#### [WORK INSTRUCTION]
Print nothing except the lines of the listing below from the line with "using assms(1) finite_atLeastLessThan" to the line with "using ij swap.hyps(1,2)", each exactly as written, both ends included.

#### [SOURCE MATERIAL]

====

lemma prod_list_permute_anticommuting:
  fixes u :: "nat \<Rightarrow> 'a::ring_1"
  assumes "\<sigma> permutes {0..<n}"
    and "\<And>i j. i < n \<Longrightarrow> j < n \<Longrightarrow> i \<noteq> j \<Longrightarrow> u i * u j = - (u j * u i)"
  shows "prod_list (map (\<lambda>i. u (\<sigma> i)) [0..<n]) = of_int (sign \<sigma>) * prod_list (map u [0..<n])"
  using assms(1) finite_atLeastLessThan assms(2)
proof (induction arbitrary: u rule: permutes_induct)
  case id
  then show ?case by simp
next
  case (swap a b p)
  let ?t = "Transposition.transpose a b"
  define v where "v = (\<lambda>i. u (?t i))"
  have v_anti: "v i * v j = - (v j * v i)" if ij: "i < n" "j < n" "i \<noteq> j" for i j
  proof -
    have "?t i < n" "?t j < n"
      using ij swap.hyps(1,2) by (auto simp: transpose_def)
    moreover have "?t i \<noteq> ?t j"
      using ij by (metis transpose_eq_iff)
    ultimately show ?thesis
      unfolding v_def by (rule swap.prems)
  qed
  have v_prod: "prod_list (map v [0..<n]) = - prod_list (map u [0..<n])"
  proof (cases "a < b")
    case True
    then show ?thesis
      unfolding v_def using swap.hyps(2)
      by (intro prod_list_transpose_anticommuting[OF swap.prems]) simp_all
  next
    case False
    then have "b < a" using swap.hyps(3) by simp
    then show ?thesis
      unfolding v_def transpose_commute[of a b] using swap.hyps(1)
      by (intro prod_list_transpose_anticommuting[OF swap.prems]) simp_all
  qed
  have sign: "sign (?t \<circ> p) = - sign p"
    using swap.hyps permutes_imp_permutation[OF finite_atLeastLessThan swap.hyps(4)]
    by (simp add: sign_compose sign_swap_id permutation_swap_id)
  have "prod_list (map (\<lambda>i. u ((?t \<circ> p) i)) [0..<n]) = prod_list (map (\<lambda>i. v (p i)) [0..<n])"
    by (simp add: v_def)
  also have "\<dots> = of_int (sign p) * prod_list (map v [0..<n])"
    by (rule swap.IH) (rule v_anti)
  also have "\<dots> = of_int (sign (?t \<circ> p)) * prod_list (map u [0..<n])"
    by (simp add: v_prod sign)
  finally show ?case .
qed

====

#### [RESULT BELOW]
  using assms(1) finite_atLeastLessThan assms(2)
proof (induction arbitrary: u rule: permutes_induct)
  case id
  then show ?case by simp
next
  case (swap a b p)
  let ?t = "Transposition.transpose a b"
  define v where "v = (\<lambda>i. u (?t i))"
  have v_anti: "v i * v j = - (v j * v i)" if ij: "i < n" "j < n" "i \<noteq> j" for i j
  proof -
    have "?t i < n" "?t j < n"
      using ij swap.hyps(1,2) by (auto simp: transpose_def)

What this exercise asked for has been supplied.